Microcontroller projects

Watchdog tips and tricks

last updated: 2020-11-08

Feeding the watchdog

The watchdog timer (abbreviated WDT) reacts to a hardware or software malfunction by resetting the device after a certain time.

A watchdog timer is a counter that is regularly decremented. Properly functioning software will "feed" the watchdog in short intervals and reset the counter value. Faulty software will not do that and the watchdog counter will reach zero and resets the device.

ESP's have a hardware and a software watchdog. The time-out period of the software watchdog is about 3.2 s, that of the hardware watchdog about 8.2 s.

If the software watchdog bites we see a cause 2 in the serial terminal.

    ets Jan 8 2013, rst cause:2, boot mode: (1,6)

If the hardware watchdog bites we see a cause 4 in the serial terminal.

   ets Jan 8 2013, rst cause:4, boot mode: (3,6)

The loops must not take longer than 3 s, to avoid the watchdog to bite. But we can also reset the watchdog inside our software. This can be done with one of the following functions:

ESP.wdtFeed()
delay() (not delayMicroseconds()!)
yield()

They are integrated with the WiFi module so that a connection to a WiFi network is not lost as long as the software watchdog is fed. Unfortunately, I have noticed that things are not quite as smooth with regard to the MQTT library pubsubclient. So in those sketches that use that module, I call on local_yield() or local_delay() as defined in the link below if needs be.

An excellent article can be found on www.sigmdel.ca/michel. Interesting is also the part describing problems and giving solurions for the MQTT module pubsubclient.

Watch the watchdog: the watchdog reset counter

I had problems with two neopixel projects (neo clock and neo lamp). Both used the ESP8266 (Wemos D1 mini pro) and the Adafruit Neopixel library. In both projects I got watchdog resets, but only after 20-60 minutes; about 8 resets in 5 hours.

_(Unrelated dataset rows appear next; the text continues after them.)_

lemma periph_spectrum_eqI:
  assumes sub: "cspectrum T \<subseteq> insert 0 Z" and Z: "Z \<subseteq> cspectrum T" "Z \<noteq> {}"
    and rho: "\<And>z. z \<in> Z \<Longrightarrow> cmod z = \<rho>"
  shows "periph_spectrum T = Z"
proof -
  obtain z0 where "z0 \<in> Z" using Z(2) by auto
  then have "\<rho> \<ge> 0" using rho by force
  have "spec_radius T = \<rho>"
    unfolding spec_radius_def
  proof (rule cSup_eq_maximum)
    show "\<rho> \<in> cmod ` cspectrum T"
      using \<open>z0 \<in> Z\<close> Z(1) rho by force
    show "x \<le> \<rho>" if "x \<in> cmod ` cspectrum T" for x
      using that sub rho \<open>\<rho> \<ge> 0\<close> by auto
  qed
  then have periph: "periph_spectrum T = {z \<in> cspectrum T. cmod z = \<rho>}"
    by (simp add: periph_spectrum_def)
  show ?thesis
  proof (cases "\<rho> = 0")
    case True
    then have "Z = {0}" using rho Z(2) by auto
    then show ?thesis using periph Z(1) True by auto
  next
    case False
    then show ?thesis using periph sub Z(1) rho by auto
  qed
qed

lemma periph_spectrum_singleton_if_rank_le_one:
  fixes T :: "'a::chilbert \<Rightarrow> 'a"
  assumes T: "bop T" and "rank_le_one T" and dim2: "\<forall>x::'a. \<exists>y. \<forall>c. y \<noteq> cscale c x"
  shows "\<exists>z. periph_spectrum T = {z}"
proof -
  obtain b g where g: "\<And>x. T x = cscale (g x) b"
    using \<open>rank_le_one T\<close> unfolding rank_le_one_def by metis
  \<comment> \<open>\<open>g b\<close> is junk when \<open>b = 0\<close>, i.e. when \<open>T = 0\<close>.\<close>
  define \<mu> where "\<mu> = (if b = 0 then 0 else g b)"
  have T2: "T (T x) = cscale \<mu> (T x)" for x
    using T by (simp add: g[of x] bop_cscale g[of b] \<mu>_def cscale_mult mult.commute)
  have "cspectrum T \<subseteq> {0, \<mu>}"
  proof
    fix w
    assume "w \<in> cspectrum T"
    moreover have "T (T (T x)) = cscale \<mu> (T (T x)) - cscale 0 (T x)" for x
      using T by (simp add: T2 bop_cscale)
    ultimately have "w\<^sup>2 * (w - \<mu>) = 0"
      using cspectrum_root_of_cubic_relation[OF T]
      by (fastforce simp: algebra_simps power2_eq_square power3_eq_cube)
    then show "w \<in> {0, \<mu>}" by auto
  qed
  moreover have "\<mu> \<in> cspectrum T"
  proof (cases "\<mu> = 0")
    case True
    obtain y where "\<forall>c. y \<noteq> cscale c b" using dim2 by blast
    then have "y \<notin> range T" using g by auto
    then show ?thesis using True zero_in_cspectrum_if_not_surj by blast
  next
    case False
    then have "b \<noteq> 0" "T b = cscale \<mu> b"
      using g[of b] by (auto simp: \<mu>_def split: if_splits)
    then show ?thesis using eigenvalue_in_cspectrum[OF T] by blast
  qed
  ultimately have "periph_spectrum T = {\<mu>}"
    by (intro periph_spectrum_eqI[where \<rho> = "cmod \<mu>"]) auto
  then show ?thesis by blast
qed

section \<open>Operators of rank two\<close>

definition indep2 :: "'a::chilbert \<Rightarrow> 'a \<Rightarrow> bool" where
  "indep2 u v \<longleftrightarrow> (\<forall>p q. cscale p u + cscale q v = 0 \<longrightarrow> p = 0 \<and> q = 0)"

lemma matrix2_eigenvector_exists:
  fixes m11 m12 m21 m22 \<mu> :: complex
  assumes char: "\<mu>\<^sup>2 - (m11 + m22) * \<mu> + (m11 * m22 - m12 * m21) = 0"
    and not_scalar: "\<not> (m12 = 0 \<and> m21 = 0 \<and> m11 = \<mu> \<and> m22 = \<mu>)"
  obtains e1 e2 where "e1 \<noteq> 0 \<or> e2 \<noteq> 0"
    "m11 * e1 + m12 * e2 = \<mu> * e1" "m21 * e1 + m22 * e2 = \<mu> * e2"
proof (cases "m12 \<noteq> 0 \<or> \<mu> \<noteq> m11")
  case True
  have "m21 * m12 + m22 * (\<mu> - m11) = \<mu> * (\<mu> - m11)"
    using char by (simp add: algebra_simps power2_eq_square)
  then show thesis
    using True by (intro that[of m12 "\<mu> - m11"]) (auto simp: algebra_simps)
next
  case False
  have "m11 * (\<mu> - m22) + m12 * m21 = \<mu> * (\<mu> - m22)"
    using char False by (simp add: algebra_simps power2_eq_square)
  then show thesis
    using False not_scalar by (intro that[of "\<mu> - m22" m21]) (auto simp: algebra_simps)
qed

lemma bop_apply_pair:
  assumes R: "bop R"
    and "R u1 = cscale m11 u1 + cscale m21 u2" "R u2 = cscale m12 u1 + cscale m22 u2"
  shows "R (cscale p u1 + cscale q u2)
           = cscale (m11 * p + m12 * q) u1 + cscale (m21 * p + m22 * q) u2"
  by (rule cinner_ext)
     (use assms in \<open>simp add: bop_add bop_cscale cinner_add_left cinner_scale_left algebra_simps\<close>)

lemma eigenvalue_of_pair_operator:
  assumes R: "bop R" and ind: "indep2 u1 u2"
    and Ru: "R u1 = cscale m11 u1 + cscale m21 u2" "R u2 = cscale m12 u1 + cscale m22 u2"
    and mu: "\<mu>1 \<noteq> \<mu>2" "\<mu>1 + \<mu>2 = m11 + m22" "\<mu>1 * \<mu>2 = m11 * m22 - m12 * m21"
  shows "\<mu>1 \<in> cspectrum R"
proof -
  have "\<mu>1\<^sup>2 - (m11 + m22) * \<mu>1 + (m11 * m22 - m12 * m21) = 0"
    unfolding mu(2)[symmetric] mu(3)[symmetric] by (simp add: power2_eq_square algebra_simps)
  moreover have "\<not> (m12 = 0 \<and> m21 = 0 \<and> m11 = \<mu>1 \<and> m22 = \<mu>1)"
    using mu(1,2) by auto
  ultimately obtain e1 e2 where e: "e1 \<noteq> 0 \<or> e2 \<noteq> 0"
    "m11 * e1 + m12 * e2 = \<mu>1 * e1" "m21 * e1 + m22 * e2 = \<mu>1 * e2"
    by (rule matrix2_eigenvector_exists)
  define v where "v = cscale e1 u1 + cscale e2 u2"
  have "v \<noteq> 0" using ind e(1) by (auto simp: v_def indep2_def)
  moreover have "R v = cscale \<mu>1 v"
    unfolding v_def bop_apply_pair[OF R Ru] e(2,3)
    by (simp add: cscale_add_right cscale_mult)
  ultimately show ?thesis using eigenvalue_in_cspectrum[OF R] by blast
qed

lemma cspectrum_pair_operator:
  assumes R: "bop R" and ind: "indep2 u1 u2"
    and range: "\<And>x. \<exists>p q. R x = cscale p u1 + cscale q u2"
    and Ru: "R u1 = cscale m11 u1 + cscale m21 u2" "R u2 = cscale m12 u1 + cscale m22 u2"
    and mu: "\<mu>1 \<noteq> \<mu>2" "\<mu>1 + \<mu>2 = m11 + m22" "\<mu>1 * \<mu>2 = m11 * m22 - m12 * m21"
  shows "cspectrum R \<subseteq> {0, \<mu>1, \<mu>2}" "\<mu>1 \<in> cspectrum R" "\<mu>2 \<in> cspectrum R"
proof -
  show "\<mu>1 \<in> cspectrum R"
    by (rule eigenvalue_of_pair_operator[OF R ind Ru mu])
  show "\<mu>2 \<in> cspectrum R"
    by (rule eigenvalue_of_pair_operator[OF R ind Ru]) (use mu in \<open>auto simp: algebra_simps\<close>)
  \<comment> \<open>Cayley--Hamilton for the \<open>2 \<times> 2\<close> matrix of \<open>R\<close> on its range.\<close>
  have "R (R (R x)) = cscale (m11 + m22) (R (R x)) - cscale (m11 * m22 - m12 * m21) (R x)" for x
  proof -
    obtain p q where pq: "R x = cscale p u1 + cscale q u2" using range by blast
    show ?thesis
      by (rule cinner_ext)
         (simp add: pq bop_apply_pair[OF R Ru] cinner_add_left cinner_diff_left cinner_scale_left
           algebra_simps)
  qed
  then show "cspectrum R \<subseteq> {0, \<mu>1, \<mu>2}"
  proof (intro subsetI)
    fix w
    assume "w \<in> cspectrum R"
    with cspectrum_root_of_cubic_relation[OF R] \<open>\<And>x. R (R (R x)) = _\<close>
    have "w^3 - (m11 + m22) * w\<^sup>2 + (m11 * m22 - m12 * m21) * w = 0" by blast
    then have "w * ((w - \<mu>1) * (w - \<mu>2)) = 0"
      unfolding mu(2)[symmetric] mu(3)[symmetric]
      by (simp add: algebra_simps power2_eq_square power3_eq_cube)
    then show "w \<in> {0, \<mu>1, \<mu>2}" by auto
  qed
qed

definition pairing_det :: "'a::chilbert \<Rightarrow> 'a \<Rightarrow> 'a \<Rightarrow> 'a \<Rightarrow> complex" where
  "pairing_det u1 u2 g1 g2 = cinner u1 g1 * cinner u2 g2 - cinner u2 g1 * cinner u1 g2"

definition biorthogonal :: "'a::chilbert \<Rightarrow> 'a \<Rightarrow> 'a \<Rightarrow> 'a \<Rightarrow> bool" where
  "biorthogonal u1 u2 g1 g2 \<longleftrightarrow>
     cinner u1 g1 = 1 \<and> cinner u2 g1 = 0 \<and> cinner u1 g2 = 0 \<and> cinner u2 g2 = 1"

lemma indep2_if_biorthogonal:
  assumes "biorthogonal u1 u2 g1 g2"
  shows "indep2 u1 u2"
  unfolding indep2_def
proof (intro allI impI)
  fix p q
  assume "cscale p u1 + cscale q u2 = 0"
  then have "cinner (cscale p u1 + cscale q u2) g1 = 0" "cinner (cscale p u1 + cscale q u2) g2 = 0"
    by simp_all
  then show "p = 0 \<and> q = 0"
    using assms by (simp add: biorthogonal_def cinner_add_left cinner_scale_left)
qed

lemma indep2_if_indep2_image:
  assumes "bop C" "indep2 (C x1) (C x2)"
  shows "indep2 x1 x2"
  unfolding indep2_def
proof (intro allI impI)
  fix p q
  assume "cscale p x1 + cscale q x2 = 0"
  then have "cscale p (C x1) + cscale q (C x2) = 0"
    using assms(1) by (metis bop_add bop_cscale bop_zero)
  then show "p = 0 \<and> q = 0" using assms(2) by (auto simp: indep2_def)
qed

lemma indep2_image_if_not_rank_le_one:
  assumes "\<not> rank_le_one C"
  obtains x1 x2 where "indep2 (C x1) (C x2)"
proof -
  from assms have nr: "\<forall>b. \<exists>x. \<forall>c. C x \<noteq> cscale c b" by (auto simp: rank_le_one_def)
  then obtain x1 where "C x1 \<noteq> 0" by fastforce
  obtain x2 where x2: "\<forall>c. C x2 \<noteq> cscale c (C x1)" using nr by blast
  have "indep2 (C x1) (C x2)"
    unfolding indep2_def
  proof (intro allI impI)
    fix p q
    assume h: "cscale p (C x1) + cscale q (C x2) = 0"
    have "q = 0"
    proof (rule ccontr)
      assume "q \<noteq> 0"
      have "cscale q (C x2) = - cscale p (C x1)"
        using h by (simp add: eq_neg_iff_add_eq_0 add.commute)
      then have "cscale (inverse q) (cscale q (C x2)) = cscale (inverse q) (- cscale p (C x1))"
        by simp
      then have "C x2 = cscale (- (inverse q * p)) (C x1)"
        using \<open>q \<noteq> 0\<close> by (simp add: cscale_mult cscale_minus_right cscale_minus_left)
      with x2 show False by blast
    qed
    with h \<open>C x1 \<noteq> 0\<close> show "p = 0 \<and> q = 0" by simp
  qed
  then show thesis by (rule that)
qed

lemma pairing_det_self_neq_0:
  assumes "indep2 v1 v2"
  shows "pairing_det v1 v2 v1 v2 \<noteq> 0"
proof
  assume det: "pairing_det v1 v2 v1 v2 = 0"
  define a where "a = cinner v1 v1"
  define b where "b = cinner v2 v1"
  \<comment> \<open>The Gram determinant is the squared norm of \<open>a v2 - b v1\<close>, up to the factor \<open>a\<close>.\<close>
  define w where "w = cscale a v2 - cscale b v1"
  have "cinner w w = a * pairing_det v1 v2 v1 v2"
    unfolding w_def pairing_det_def
    by (simp add: cinner_diff_left cinner_diff_right cinner_scale_left cinner_scale_right
        cinner_commute[of v1 v2] a_def[symmetric] b_def[symmetric] algebra_simps)
       (simp add: a_def)
  then have "cscale (- b) v1 + cscale a v2 = 0"
    using det by (simp add: w_def cscale_minus_left)
  then have "a = 0" using assms by (auto simp: indep2_def)
  then have "cscale 1 v1 + cscale 0 v2 = 0" by (simp add: a_def)
  then show False using assms unfolding indep2_def by (metis one_neq_zero)
qed

lemma pairing_det_lincomb:
  "pairing_det (cscale a x1 + cscale b x2) (cscale c x1 + cscale e x2) g1 g2
     = (a * e - b * c) * pairing_det x1 x2 g1 g2"
  by (simp add: pairing_det_def cinner_add_left cinner_scale_left algebra_simps)

lemma exists_common_nonroot_of_pencil_dets:
  fixes h11 h12 h21 h22 k11 k12 k21 k22 l11 l12 l21 l22 m11 m12 m21 m22 :: complex
  assumes "h11 * h22 - h12 * h21 \<noteq> 0" "m11 * m22 - m12 * m21 \<noteq> 0"
  obtains \<sigma> where
    "(h11 + \<sigma> * k11) * (h22 + \<sigma> * k22) - (h12 + \<sigma> * k12) * (h21 + \<sigma> * k21) \<noteq> 0"
    "(l11 + \<sigma> * m11) * (l22 + \<sigma> * m22) - (l12 + \<sigma> * m12) * (l21 + \<sigma> * m21) \<noteq> 0"
proof -
  \<comment> \<open>Both determinants are polynomials in \<open>\<sigma>\<close>, nonzero by their constant resp. leading
    coefficient, so together they have only finitely many roots.\<close>
  define pH where "pH = [:h11, k11:] * [:h22, k22:] - [:h12, k12:] * [:h21, k21:]"
  define pL where "pL = [:l11, m11:] * [:l22, m22:] - [:l12, m12:] * [:l21, m21:]"
  have pH: "poly pH \<sigma> = (h11 + \<sigma> * k11) * (h22 + \<sigma> * k22) - (h12 + \<sigma> * k12) * (h21 + \<sigma> * k21)"
    for \<sigma> by (simp add: pH_def algebra_simps)
  have pL: "poly pL \<sigma> = (l11 + \<sigma> * m11) * (l22 + \<sigma> * m22) - (l12 + \<sigma> * m12) * (l21 + \<sigma> * m21)"
    for \<sigma> by (simp add: pL_def algebra_simps)
  have "pH \<noteq> 0" using pH[of 0] assms(1) by auto
  moreover have "coeff pL 2 = m11 * m22 - m12 * m21"
    by (simp add: pL_def numeral_2_eq_2 algebra_simps)
  then have "pL \<noteq> 0" using assms(2) by auto
  ultimately have "finite {x. poly (pH * pL) x = 0}" by (simp add: poly_roots_finite)
  then obtain \<sigma> where "poly (pH * pL) \<sigma> \<noteq> 0"
    using ex_new_if_finite[OF infinite_UNIV_char_0[where 'a=complex]] by blast
  then have "poly pH \<sigma> \<noteq> 0" "poly pL \<sigma> \<noteq> 0" by auto
  then show thesis using that unfolding pH pL by blast
qed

To watch and count these resets and to be able to see if the problem remains after changing the code I programmed a little watchdog reset counter.

Hardware

I had still an unused Wemos D1 mini LED matrix shield. As the resets are not frequent 8x8 LEDs let me count to 64, which is amply enough for this project.

We connect an arbitrary input pin (D5 (14) and D7 (13) are used by the matrix) called PIN_INPUT with an output pin (PIN_OUTPUT) of our microcontroller to be tested.

Software

We count rising edges on an input counter pin (PIN_INPUT) with the help of an Interrupt Service Routine (ISR). In the setup of the program that we test we add the following lines:

    pinMode(PIN_OUTPUT,OUTPUT);
    digitalWrite(PIN_OUTPUT,LOW);
    digitalWrite(PIN_OUTPUT,HIGH);
    delay(100);
    digitalWrite(PIN_OUTPUT,LOW);

The output pin is an arbitrary free pin.

Here is the Arduino sketch for the watchdog reset counter:

    //  watchdog reset counter

    #include <Adafruit_GFX.h>
    #include <WEMOS_Matrix_GFX.h>

    MLED matrix(0); //set intensity=7 (maximum)
    const byte PIN_INPUT = 12; //D6
    volatile bool flag = false;
    byte count;

    void setup() {
      Serial.begin(115200);
      delay(500);
      Serial.println("\n8x8 Watchdog counter");
      pinMode(PIN_INPUT, INPUT);
      matrix.clear();      // clear display
      matrix.writeDisplay();  // write the changes we just made to the display
      attachInterrupt(digitalPinToInterrupt(PIN_INPUT), ISR, RISING);
    }

    ICACHE_RAM_ATTR void ISR() {
      flag = true;
    }

    void loop() {
      if (flag) {
        count++;
        flag = false;
        Serial.println(count);
        cnt2matrix(count);
      }
      delay(1000);
    }

    void cnt2matrix(byte count) {

      byte y = (count-1)/8;
      byte x = (count-1)%8;
      Serial.print(x);
      Serial.print("  ");
      Serial.println(y);
      matrix.drawPixel(x, y, LED_ON);
      matrix.writeDisplay();  // write the changes we just made to the display
    }

To get no watchdog resets with the watchdog counter we need to use the linker attribute ICACHE_RAM_ATTR for our Interrupt Service Routine. With this attribute we say that the function should be stored in the RAM. As the entire flash is used for the program and storage, reading and writing to the flash can be done only over 1 thread. Accessing the flash simultaneously over 2 different threads will probably crash the ESP.